The JTWC then reissued a TCFA on the system while it was 126 nmi northeast of Davao City, Philippines. At 18:00 UTC, the JTWC upgraded the system to Tropical Depression 01W based on surface observations from Guiuan. Aghon made its first landfalls over Homonhon Island and Giporlos in Eastern Samar in the early morning of May 25 (PHT). At 12:00 UTC, the JTWC reported that the tropical depression had intensified into a tropical storm while it was still in Tayabas Bay. In the evening, it made five more landfalls over Basiao and Cagduyong Islands of Catbalogan, Samar; Batuan in Ticao Island; Masbate City; and Torrijos, Marinduque. The JMA then classified the system as a tropical storm at 06:00 UTC, assigning it the name Ewiniar. In the morning of May 26 (PHT), the storm made its 8th landfall over Lucena, Quezon in Luzon island; nonetheless, the system developed a small dense overcast holding a ragged, formative eye. The JTWC then reported that Ewiniar had rapidly intensified into a typhoon due to strong equatorward and poleward outflow.
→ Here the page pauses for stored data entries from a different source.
text \<open>The gap \<open>G\<^sub>i\<^sub>i \<le> D\<^sub>i\<^sub>i\<close> is strict unless row \<open>i\<close> of \<open>V\<close> vanishes; then row \<open>i\<close>
  of \<open>G\<close> is \<open>G\<^sub>i\<^sub>i u\<^sub>i\<^sup>T\<close> and the coordinate bound forces the integer \<open>a\<^sub>i\<close> to be \<open>0\<close>.\<close>

lemma low_rank_coordinate_gap:
  fixes G D :: "real^'n^'n" and V :: "real^'k^'n"
  assumes G: "G = D - V ** transpose V" and D: "diagonal_mat D"
    and a: "a $ i \<in> \<int>" and pos: "0 < G $ i $ i" and bound: "2 * \<bar>(G *v a) $ i\<bar> \<le> G $ i $ i"
  shows "2 * \<bar>(G *v a) $ i\<bar> < D $ i $ i"
proof (cases "\<forall>k. V $ i $ k = 0")
  case True
  then have "G $ i $ j = 0" if "j \<noteq> i" for j
    using G D that unfolding diagonal_mat_def by (simp add: matrix_matrix_mult_def)
  then have Ga: "(G *v a) $ i = G $ i $ i * a $ i"
    by (rule matrix_vector_mult_component_single)
  obtain z where z: "a $ i = of_int z"
    using a by (auto elim: Ints_cases)
  have "2 * \<bar>a $ i\<bar> \<le> 1"
    using bound pos by (simp add: Ga abs_mult)
  then have "\<bar>real_of_int z\<bar> < 1" using z by simp
  then have "z = 0" by linarith
  then have "a $ i = 0" using z by simp
  then show ?thesis
    using pos diag_eq_diag_plus_row_norm[OF G, of i] True by (simp add: Ga)
next
  case False
  then obtain k where "V $ i $ k \<noteq> 0" by blast
  then have "0 < (\<Sum>k\<in>UNIV. (V $ i $ k)\<^sup>2)"
    by (intro sum_pos2[of UNIV k]) auto
  then show ?thesis
    using bound diag_eq_diag_plus_row_norm[OF G, of i] by linarith
qed

lemma low_rank_minimizer_near_rounding_point:
  fixes G D :: "real^'n^'n" and V :: "real^'k^'n"
  assumes pd: "pos_def_mat G" and D: "diagonal_mat D" and G: "G = D - V ** transpose V"
    and min: "int_minimizer G a" and not_unit: "\<not> (\<exists>i. a = axis i 1 \<or> a = - axis i 1)"
  shows "\<bar>(matrix_inv D *v (V *v (transpose V *v a))) $ i - a $ i\<bar> < 1/2"
proof -
  have sym: "transpose G = G" using pd unfolding pos_def_mat_def by blast
  have gap: "2 * \<bar>(G *v a) $ j\<bar> < D $ j $ j" for j
  proof (rule low_rank_coordinate_gap[OF G D])
    show "a $ j \<in> \<int>" using min unfolding int_minimizer_def int_vec_def by blast
    show "0 < G $ j $ j" using pd by (rule pos_def_mat_diag_pos)
    show "2 * \<bar>(G *v a) $ j\<bar> \<le> G $ j $ j"
      using not_unit by (intro int_minimizer_coordinate_bound[OF sym min]) auto
  qed
  have Dpos: "0 < D $ j $ j" for j
    using gap[of j] abs_ge_zero[of "(G *v a) $ j"] by linarith
  have Dnz: "D $ j $ j \<noteq> 0" for j
    using Dpos[of j] by simp
  have "(matrix_inv D *v (V *v (transpose V *v a))) $ i - a $ i = - ((G *v a) $ i / D $ i $ i)"
    using low_rank_rounding_point[OF G D Dnz, of a i] by simp
  then have "\<bar>(matrix_inv D *v (V *v (transpose V *v a))) $ i - a $ i\<bar> =
      \<bar>(G *v a) $ i\<bar> / D $ i $ i"
    using Dpos[of i] by (simp add: abs_divide)
  also have "\<dots> < 1/2"
    using gap[of i] Dpos[of i] by (simp add: pos_divide_less_eq)
  finally show ?thesis .
qed

lemma int_eq_round:
  fixes r c :: real
  assumes "r \<in> \<int>" "\<bar>c - r\<bar> < 1/2"
  shows "r = of_int (round c)"
  using assms by (metis Ints_cases round_unique')

theorem theorem2:
  fixes G D :: "real^'n^'n" and V :: "real^'k^'n" and a :: "real^'n"
  assumes "pos_def_mat G"
    and "diagonal_mat D"
    and "lin_indep_cols V"
    and "G = D - V ** transpose V"
    and "int_vec a" and "a \<noteq> 0"
    and "\<forall>b. int_vec b \<and> b \<noteq> 0 \<longrightarrow> a \<bullet> (G *v a) \<le> b \<bullet> (G *v b)"
  shows "((\<exists>i. a = axis i 1 \<or> a = - axis i 1) \<or>
          (\<exists>x :: real^'k.
             (\<forall>i. a $ i - 1/2 < (matrix_inv D *v (V *v x)) $ i \<and>
                  (matrix_inv D *v (V *v x)) $ i < a $ i + 1/2) \<and>
             (\<forall>i. a $ i = of_int (round ((matrix_inv D *v (V *v x)) $ i)))))
         \<and> norm a \<le> sqrt (G_min G / lambda_min G)"
proof -
  have min: "int_minimizer G a"
    using assms(5-7) unfolding int_minimizer_def by blast
  moreover have "(\<exists>x :: real^'k.
             (\<forall>i. a $ i - 1/2 < (matrix_inv D *v (V *v x)) $ i \<and>
                  (matrix_inv D *v (V *v x)) $ i < a $ i + 1/2) \<and>
             (\<forall>i. a $ i = of_int (round ((matrix_inv D *v (V *v x)) $ i))))"
    if not_unit: "\<not> (\<exists>i. a = axis i 1 \<or> a = - axis i 1)"
  proof (intro exI conjI allI)
    fix i
    have near: "\<bar>(matrix_inv D *v (V *v (transpose V *v a))) $ i - a $ i\<bar> < 1/2"
      using low_rank_minimizer_near_rounding_point[OF assms(1,2,4) min not_unit] .
    then show "a $ i - 1/2 < (matrix_inv D *v (V *v (transpose V *v a))) $ i"
      and "(matrix_inv D *v (V *v (transpose V *v a))) $ i < a $ i + 1/2"
      unfolding abs_less_iff by linarith+
    show "a $ i = of_int (round ((matrix_inv D *v (V *v (transpose V *v a))) $ i))"
      using assms(5) near unfolding int_vec_def by (intro int_eq_round) auto
  qed
  ultimately show ?thesis
    using int_minimizer_norm_le[OF assms(1)] by blast
qed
In the evening, the storm made its ninth landfall over Patnanungan in the Polillo Islands; however, the outermost deep convective was diminishing because of the topographical effects from Luzon island, and the further development of a poleward outflow channel. Ewiniar then turned northwestward along the northwestern edge of a mid-level subtropical high.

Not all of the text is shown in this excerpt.